MATERIALS PROVIDED:
_ _ _

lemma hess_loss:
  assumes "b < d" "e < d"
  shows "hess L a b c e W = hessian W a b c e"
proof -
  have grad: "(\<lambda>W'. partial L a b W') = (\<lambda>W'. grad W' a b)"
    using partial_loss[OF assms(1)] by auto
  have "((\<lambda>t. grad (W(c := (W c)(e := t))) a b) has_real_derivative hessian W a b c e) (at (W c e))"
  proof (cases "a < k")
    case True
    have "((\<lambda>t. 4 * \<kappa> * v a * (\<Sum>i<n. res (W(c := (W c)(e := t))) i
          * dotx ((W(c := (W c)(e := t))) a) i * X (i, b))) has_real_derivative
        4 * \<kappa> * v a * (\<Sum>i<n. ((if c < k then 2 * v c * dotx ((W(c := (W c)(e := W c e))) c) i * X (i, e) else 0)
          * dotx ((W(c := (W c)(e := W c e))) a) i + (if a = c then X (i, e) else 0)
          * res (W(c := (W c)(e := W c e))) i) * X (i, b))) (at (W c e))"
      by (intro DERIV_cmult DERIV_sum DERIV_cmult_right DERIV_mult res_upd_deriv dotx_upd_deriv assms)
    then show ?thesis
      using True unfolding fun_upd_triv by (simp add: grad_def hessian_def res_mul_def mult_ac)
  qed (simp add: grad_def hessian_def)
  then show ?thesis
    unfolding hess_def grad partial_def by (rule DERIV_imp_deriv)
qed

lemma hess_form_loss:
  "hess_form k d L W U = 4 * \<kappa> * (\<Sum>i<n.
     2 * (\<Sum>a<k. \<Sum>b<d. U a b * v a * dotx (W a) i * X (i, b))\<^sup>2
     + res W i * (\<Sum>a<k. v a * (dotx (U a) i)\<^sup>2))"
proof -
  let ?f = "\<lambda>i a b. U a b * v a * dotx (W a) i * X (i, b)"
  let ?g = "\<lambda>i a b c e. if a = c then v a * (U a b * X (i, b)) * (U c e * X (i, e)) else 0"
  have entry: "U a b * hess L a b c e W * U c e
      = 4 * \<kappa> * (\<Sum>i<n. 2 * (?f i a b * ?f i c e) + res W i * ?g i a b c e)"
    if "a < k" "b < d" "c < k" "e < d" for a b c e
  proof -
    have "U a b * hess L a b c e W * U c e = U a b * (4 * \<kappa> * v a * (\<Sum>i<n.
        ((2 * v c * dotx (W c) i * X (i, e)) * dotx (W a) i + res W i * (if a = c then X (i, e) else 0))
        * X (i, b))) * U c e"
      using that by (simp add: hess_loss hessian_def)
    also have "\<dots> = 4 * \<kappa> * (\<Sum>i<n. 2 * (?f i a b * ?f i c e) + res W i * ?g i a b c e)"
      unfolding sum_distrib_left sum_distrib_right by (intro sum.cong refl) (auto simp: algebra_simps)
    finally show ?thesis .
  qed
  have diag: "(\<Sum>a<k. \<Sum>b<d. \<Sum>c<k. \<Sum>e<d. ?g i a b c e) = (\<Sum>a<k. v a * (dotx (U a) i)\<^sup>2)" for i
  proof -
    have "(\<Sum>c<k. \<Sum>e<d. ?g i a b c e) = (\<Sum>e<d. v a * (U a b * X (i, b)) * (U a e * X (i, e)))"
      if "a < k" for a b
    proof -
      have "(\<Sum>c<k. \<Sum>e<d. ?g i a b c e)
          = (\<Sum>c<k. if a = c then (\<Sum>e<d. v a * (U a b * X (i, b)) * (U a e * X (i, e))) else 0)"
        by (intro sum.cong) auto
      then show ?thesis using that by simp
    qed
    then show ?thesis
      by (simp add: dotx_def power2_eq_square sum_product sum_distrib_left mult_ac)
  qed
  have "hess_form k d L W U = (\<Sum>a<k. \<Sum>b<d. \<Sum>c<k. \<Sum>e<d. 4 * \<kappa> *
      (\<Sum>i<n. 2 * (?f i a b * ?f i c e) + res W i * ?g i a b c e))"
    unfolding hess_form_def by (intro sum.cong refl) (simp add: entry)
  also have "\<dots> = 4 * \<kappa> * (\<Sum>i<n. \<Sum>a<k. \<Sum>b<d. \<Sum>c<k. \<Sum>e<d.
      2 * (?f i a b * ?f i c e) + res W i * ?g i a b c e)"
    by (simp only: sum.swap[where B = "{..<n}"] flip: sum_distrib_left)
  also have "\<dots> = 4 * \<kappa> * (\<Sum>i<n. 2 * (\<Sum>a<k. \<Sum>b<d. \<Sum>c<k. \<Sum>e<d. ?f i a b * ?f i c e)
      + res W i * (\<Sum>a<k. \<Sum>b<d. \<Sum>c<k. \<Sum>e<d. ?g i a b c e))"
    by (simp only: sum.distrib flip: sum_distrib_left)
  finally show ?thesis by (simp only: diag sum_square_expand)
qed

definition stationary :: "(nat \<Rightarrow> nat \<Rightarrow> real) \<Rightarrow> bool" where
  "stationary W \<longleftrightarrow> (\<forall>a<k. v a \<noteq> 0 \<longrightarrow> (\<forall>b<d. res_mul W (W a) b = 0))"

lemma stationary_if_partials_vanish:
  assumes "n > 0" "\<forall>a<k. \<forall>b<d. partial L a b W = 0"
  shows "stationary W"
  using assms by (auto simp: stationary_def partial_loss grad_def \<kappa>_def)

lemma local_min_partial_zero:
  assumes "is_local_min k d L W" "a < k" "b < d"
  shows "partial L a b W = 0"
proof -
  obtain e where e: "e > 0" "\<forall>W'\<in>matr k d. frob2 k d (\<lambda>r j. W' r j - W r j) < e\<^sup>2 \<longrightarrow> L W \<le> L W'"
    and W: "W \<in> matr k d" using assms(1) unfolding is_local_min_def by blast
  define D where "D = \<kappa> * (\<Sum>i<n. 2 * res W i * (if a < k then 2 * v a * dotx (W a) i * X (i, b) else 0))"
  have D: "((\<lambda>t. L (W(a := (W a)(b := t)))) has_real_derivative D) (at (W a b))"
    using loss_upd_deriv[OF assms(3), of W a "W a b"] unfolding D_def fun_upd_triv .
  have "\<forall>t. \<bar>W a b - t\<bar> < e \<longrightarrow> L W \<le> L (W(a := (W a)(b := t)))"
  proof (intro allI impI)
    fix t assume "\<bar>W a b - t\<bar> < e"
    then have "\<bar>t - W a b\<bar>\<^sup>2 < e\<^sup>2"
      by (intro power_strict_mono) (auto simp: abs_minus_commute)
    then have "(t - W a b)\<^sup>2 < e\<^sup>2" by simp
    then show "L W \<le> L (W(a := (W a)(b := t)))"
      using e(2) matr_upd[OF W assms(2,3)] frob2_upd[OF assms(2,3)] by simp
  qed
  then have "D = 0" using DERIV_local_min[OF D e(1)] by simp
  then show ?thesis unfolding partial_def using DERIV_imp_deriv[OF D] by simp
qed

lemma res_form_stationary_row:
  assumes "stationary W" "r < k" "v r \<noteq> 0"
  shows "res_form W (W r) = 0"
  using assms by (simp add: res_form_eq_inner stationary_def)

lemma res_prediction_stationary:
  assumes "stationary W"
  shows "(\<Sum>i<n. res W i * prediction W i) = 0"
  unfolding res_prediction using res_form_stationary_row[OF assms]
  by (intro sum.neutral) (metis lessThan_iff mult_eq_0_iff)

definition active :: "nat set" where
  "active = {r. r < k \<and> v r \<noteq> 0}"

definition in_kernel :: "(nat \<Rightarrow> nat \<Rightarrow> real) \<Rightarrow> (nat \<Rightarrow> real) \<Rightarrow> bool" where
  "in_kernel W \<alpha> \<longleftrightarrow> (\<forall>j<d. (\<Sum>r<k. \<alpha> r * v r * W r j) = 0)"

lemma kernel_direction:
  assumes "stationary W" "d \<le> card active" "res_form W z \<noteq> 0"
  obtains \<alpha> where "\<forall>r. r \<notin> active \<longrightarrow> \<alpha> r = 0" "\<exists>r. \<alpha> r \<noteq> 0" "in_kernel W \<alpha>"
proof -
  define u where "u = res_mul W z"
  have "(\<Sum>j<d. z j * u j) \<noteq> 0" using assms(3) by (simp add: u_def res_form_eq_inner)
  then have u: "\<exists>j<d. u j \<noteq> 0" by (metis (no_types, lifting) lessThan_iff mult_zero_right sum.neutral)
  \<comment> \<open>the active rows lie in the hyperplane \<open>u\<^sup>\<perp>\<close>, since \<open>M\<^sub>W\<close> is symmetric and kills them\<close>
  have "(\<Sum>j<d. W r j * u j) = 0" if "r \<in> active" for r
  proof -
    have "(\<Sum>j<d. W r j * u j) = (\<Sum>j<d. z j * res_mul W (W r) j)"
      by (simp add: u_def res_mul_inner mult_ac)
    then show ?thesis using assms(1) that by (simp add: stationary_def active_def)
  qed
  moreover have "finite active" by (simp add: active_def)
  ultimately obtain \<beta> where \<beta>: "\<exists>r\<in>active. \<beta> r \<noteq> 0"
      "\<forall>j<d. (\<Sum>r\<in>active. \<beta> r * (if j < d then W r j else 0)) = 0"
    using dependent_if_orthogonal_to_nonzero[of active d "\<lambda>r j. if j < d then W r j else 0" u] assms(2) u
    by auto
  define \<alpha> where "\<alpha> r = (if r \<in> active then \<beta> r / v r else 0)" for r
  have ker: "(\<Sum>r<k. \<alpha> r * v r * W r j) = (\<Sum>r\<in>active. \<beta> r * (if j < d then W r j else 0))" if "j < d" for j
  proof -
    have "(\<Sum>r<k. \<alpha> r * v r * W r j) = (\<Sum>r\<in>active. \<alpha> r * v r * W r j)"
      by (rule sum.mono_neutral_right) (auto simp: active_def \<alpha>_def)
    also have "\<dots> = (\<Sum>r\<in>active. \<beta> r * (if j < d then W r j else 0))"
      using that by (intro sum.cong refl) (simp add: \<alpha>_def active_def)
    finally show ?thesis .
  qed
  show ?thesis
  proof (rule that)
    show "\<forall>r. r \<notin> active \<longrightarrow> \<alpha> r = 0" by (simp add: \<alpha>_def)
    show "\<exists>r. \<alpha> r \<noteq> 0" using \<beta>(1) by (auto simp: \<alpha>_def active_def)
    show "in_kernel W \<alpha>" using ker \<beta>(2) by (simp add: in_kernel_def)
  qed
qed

_ _ _

WHAT YOU WILL DO: Give back, unchanged, the run of lines in the listing above that begins at the line containing "(\<Sum>c<k. if a" and ends at the line containing "i * (\<Sum>a<k. \<Sum>b<d.", both included.

YOUR RESPONSE:
          = (\<Sum>c<k. if a = c then (\<Sum>e<d. v a * (U a b * X (i, b)) * (U a e * X (i, e))) else 0)"
        by (intro sum.cong) auto
      then show ?thesis using that by simp
    qed
    then show ?thesis
      by (simp add: dotx_def power2_eq_square sum_product sum_distrib_left mult_ac)
  qed
  have "hess_form k d L W U = (\<Sum>a<k. \<Sum>b<d. \<Sum>c<k. \<Sum>e<d. 4 * \<kappa> *
      (\<Sum>i<n. 2 * (?f i a b * ?f i c e) + res W i * ?g i a b c e))"
    unfolding hess_form_def by (intro sum.cong refl) (simp add: entry)
  also have "\<dots> = 4 * \<kappa> * (\<Sum>i<n. \<Sum>a<k. \<Sum>b<d. \<Sum>c<k. \<Sum>e<d.
      2 * (?f i a b * ?f i c e) + res W i * ?g i a b c e)"
    by (simp only: sum.swap[where B = "{..<n}"] flip: sum_distrib_left)
  also have "\<dots> = 4 * \<kappa> * (\<Sum>i<n. 2 * (\<Sum>a<k. \<Sum>b<d. \<Sum>c<k. \<Sum>e<d. ?f i a b * ?f i c e)
      + res W i * (\<Sum>a<k. \<Sum>b<d. \<Sum>c<k. \<Sum>e<d. ?g i a b c e))"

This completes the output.